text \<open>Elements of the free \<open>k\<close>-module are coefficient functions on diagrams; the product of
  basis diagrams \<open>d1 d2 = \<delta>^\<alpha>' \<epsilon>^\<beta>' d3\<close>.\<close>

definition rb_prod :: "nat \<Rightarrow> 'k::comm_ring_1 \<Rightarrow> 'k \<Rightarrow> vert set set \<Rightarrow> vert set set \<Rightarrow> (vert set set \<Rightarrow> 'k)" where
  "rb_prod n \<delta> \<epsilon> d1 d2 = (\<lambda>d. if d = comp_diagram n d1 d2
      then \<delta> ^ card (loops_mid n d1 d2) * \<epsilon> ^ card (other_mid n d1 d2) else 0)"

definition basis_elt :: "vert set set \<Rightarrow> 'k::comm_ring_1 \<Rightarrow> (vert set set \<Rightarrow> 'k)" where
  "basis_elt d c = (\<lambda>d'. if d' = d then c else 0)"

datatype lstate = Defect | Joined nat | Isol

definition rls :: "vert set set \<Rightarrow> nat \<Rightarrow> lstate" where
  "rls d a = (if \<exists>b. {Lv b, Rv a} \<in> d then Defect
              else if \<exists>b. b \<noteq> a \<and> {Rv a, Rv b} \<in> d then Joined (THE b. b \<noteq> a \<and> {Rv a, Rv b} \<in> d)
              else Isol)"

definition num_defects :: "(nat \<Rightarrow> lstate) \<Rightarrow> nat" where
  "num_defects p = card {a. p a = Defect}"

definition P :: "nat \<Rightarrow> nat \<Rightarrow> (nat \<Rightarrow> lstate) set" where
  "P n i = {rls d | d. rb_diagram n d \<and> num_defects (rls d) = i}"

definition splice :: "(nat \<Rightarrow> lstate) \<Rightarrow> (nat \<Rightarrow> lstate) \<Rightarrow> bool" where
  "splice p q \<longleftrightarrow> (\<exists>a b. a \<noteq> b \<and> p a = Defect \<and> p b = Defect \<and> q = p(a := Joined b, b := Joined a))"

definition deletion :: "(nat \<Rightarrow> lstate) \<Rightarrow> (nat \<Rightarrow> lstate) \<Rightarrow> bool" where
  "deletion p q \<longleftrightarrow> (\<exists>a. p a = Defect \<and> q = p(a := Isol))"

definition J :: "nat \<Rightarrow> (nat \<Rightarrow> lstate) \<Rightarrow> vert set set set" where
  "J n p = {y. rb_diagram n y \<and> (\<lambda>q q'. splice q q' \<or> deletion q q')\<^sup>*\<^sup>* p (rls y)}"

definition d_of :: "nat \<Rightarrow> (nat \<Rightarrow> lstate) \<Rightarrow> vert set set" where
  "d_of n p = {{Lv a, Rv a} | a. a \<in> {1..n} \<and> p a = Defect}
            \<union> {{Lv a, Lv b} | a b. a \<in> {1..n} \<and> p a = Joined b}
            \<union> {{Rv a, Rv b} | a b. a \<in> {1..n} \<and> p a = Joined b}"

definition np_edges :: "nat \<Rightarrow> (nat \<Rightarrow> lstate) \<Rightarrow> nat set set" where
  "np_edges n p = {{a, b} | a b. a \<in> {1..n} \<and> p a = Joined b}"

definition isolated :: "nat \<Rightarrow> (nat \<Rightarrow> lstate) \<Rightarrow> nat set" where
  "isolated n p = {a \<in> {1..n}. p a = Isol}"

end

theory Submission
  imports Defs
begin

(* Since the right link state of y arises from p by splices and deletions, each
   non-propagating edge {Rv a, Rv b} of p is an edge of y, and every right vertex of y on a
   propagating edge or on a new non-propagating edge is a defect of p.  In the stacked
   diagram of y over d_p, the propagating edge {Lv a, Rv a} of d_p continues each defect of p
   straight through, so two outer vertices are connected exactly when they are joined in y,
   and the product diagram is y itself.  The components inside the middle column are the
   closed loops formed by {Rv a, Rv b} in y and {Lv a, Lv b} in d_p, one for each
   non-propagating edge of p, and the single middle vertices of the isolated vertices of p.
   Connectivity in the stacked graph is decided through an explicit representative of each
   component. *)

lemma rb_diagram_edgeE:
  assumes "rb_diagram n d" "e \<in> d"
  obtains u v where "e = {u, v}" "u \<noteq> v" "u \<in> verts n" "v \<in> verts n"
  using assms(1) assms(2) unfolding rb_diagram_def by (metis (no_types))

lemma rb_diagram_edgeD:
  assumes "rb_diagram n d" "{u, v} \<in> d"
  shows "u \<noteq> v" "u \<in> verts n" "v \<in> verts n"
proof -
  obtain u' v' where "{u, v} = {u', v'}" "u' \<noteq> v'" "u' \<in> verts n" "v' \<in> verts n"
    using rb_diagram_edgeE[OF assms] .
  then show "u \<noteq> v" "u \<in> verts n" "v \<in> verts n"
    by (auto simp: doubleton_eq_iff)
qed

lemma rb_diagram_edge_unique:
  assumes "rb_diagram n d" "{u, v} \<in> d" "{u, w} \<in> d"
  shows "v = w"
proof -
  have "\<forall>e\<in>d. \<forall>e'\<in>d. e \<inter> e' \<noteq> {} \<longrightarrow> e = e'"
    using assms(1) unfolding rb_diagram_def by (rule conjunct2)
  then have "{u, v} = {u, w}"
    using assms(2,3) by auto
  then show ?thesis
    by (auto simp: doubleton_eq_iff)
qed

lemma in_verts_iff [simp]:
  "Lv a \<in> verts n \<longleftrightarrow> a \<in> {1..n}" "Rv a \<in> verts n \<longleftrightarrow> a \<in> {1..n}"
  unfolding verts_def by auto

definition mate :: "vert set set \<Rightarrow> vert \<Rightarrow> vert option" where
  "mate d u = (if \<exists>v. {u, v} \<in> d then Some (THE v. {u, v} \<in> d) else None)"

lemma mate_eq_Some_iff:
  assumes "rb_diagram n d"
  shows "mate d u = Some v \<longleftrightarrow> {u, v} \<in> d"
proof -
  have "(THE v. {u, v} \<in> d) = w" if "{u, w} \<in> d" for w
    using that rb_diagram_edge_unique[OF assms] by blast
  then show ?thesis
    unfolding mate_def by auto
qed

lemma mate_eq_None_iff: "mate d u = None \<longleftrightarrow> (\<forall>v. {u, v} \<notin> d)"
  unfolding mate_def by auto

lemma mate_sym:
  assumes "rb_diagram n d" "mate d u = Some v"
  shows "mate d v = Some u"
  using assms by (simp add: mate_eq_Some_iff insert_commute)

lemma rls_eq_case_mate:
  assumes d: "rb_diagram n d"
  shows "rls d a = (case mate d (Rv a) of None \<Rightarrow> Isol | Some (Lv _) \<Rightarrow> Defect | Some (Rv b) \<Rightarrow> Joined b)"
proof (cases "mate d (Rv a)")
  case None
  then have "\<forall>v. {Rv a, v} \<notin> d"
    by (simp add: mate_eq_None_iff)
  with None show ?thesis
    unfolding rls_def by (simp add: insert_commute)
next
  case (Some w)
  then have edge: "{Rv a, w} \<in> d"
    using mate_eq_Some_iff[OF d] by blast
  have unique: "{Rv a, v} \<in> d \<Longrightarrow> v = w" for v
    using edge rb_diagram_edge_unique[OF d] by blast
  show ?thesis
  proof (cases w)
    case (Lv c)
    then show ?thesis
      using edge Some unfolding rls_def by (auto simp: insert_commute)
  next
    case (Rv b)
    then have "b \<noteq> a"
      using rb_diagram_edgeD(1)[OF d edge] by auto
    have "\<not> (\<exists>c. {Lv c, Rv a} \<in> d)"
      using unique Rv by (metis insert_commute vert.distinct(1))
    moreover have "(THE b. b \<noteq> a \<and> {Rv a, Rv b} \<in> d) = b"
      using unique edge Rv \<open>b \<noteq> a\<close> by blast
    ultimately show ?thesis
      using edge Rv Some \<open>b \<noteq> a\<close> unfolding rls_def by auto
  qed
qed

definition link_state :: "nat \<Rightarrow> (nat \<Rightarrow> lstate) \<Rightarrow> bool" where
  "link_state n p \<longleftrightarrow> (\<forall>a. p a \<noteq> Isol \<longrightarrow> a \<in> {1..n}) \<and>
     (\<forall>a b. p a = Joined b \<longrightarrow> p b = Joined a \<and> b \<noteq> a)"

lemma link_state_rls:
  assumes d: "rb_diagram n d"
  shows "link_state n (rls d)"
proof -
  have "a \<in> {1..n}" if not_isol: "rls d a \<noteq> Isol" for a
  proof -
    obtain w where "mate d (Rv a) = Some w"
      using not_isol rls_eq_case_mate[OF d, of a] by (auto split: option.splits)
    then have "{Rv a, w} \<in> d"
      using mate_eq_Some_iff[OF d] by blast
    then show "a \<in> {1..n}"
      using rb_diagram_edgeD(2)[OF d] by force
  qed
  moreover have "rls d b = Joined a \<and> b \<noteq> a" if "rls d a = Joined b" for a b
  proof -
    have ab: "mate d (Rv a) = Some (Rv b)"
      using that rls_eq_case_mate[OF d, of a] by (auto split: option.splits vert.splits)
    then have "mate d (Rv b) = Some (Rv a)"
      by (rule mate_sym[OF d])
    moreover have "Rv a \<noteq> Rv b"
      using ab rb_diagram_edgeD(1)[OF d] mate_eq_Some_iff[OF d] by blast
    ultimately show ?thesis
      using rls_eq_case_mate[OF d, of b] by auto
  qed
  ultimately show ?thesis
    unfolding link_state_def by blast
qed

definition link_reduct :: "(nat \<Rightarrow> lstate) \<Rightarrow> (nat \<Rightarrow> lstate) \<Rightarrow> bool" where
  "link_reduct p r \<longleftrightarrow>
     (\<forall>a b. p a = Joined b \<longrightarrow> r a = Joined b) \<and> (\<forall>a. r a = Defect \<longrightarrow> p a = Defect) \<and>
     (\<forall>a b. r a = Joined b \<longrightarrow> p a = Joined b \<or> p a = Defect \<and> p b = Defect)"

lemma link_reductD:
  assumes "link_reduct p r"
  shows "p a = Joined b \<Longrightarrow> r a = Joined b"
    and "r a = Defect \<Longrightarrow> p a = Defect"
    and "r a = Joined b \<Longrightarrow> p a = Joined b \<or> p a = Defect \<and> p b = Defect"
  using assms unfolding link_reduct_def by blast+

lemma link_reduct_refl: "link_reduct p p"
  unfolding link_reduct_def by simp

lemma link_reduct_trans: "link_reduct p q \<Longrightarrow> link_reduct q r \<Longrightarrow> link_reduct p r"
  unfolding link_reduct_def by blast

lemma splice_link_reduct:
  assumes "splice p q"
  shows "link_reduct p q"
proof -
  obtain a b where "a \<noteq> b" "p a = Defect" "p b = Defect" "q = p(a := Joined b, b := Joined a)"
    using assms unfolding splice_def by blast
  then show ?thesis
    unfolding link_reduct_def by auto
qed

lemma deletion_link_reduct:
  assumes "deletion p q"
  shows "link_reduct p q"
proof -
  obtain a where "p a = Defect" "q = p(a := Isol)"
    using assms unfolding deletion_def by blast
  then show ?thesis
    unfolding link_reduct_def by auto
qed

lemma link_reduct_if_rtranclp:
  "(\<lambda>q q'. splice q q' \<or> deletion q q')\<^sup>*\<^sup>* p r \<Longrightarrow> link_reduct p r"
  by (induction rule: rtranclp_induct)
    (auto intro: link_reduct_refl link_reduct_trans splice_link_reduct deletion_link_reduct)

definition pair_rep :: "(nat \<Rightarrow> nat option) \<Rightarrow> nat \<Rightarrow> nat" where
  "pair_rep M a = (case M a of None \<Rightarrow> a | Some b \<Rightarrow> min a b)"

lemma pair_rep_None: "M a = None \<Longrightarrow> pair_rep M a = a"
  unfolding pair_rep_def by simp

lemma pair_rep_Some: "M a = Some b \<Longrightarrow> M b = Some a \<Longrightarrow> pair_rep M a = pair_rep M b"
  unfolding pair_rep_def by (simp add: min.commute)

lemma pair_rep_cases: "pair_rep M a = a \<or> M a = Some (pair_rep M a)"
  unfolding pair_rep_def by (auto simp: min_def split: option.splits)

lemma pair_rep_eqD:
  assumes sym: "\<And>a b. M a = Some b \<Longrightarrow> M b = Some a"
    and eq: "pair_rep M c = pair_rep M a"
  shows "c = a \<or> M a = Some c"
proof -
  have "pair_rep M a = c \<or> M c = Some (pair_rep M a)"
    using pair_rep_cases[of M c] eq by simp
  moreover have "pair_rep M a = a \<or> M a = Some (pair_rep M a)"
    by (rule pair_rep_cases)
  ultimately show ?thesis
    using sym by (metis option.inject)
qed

------------------------------------

▶ **Exercise prompt**
Look through the data above for the string "rule" and copy every line where it appears.

▶ **Response below**
    using assms(1) unfolding rb_diagram_def by (rule conjunct2)
      by (rule mate_sym[OF d])
  by (induction rule: rtranclp_induct)
    by (rule pair_rep_cases)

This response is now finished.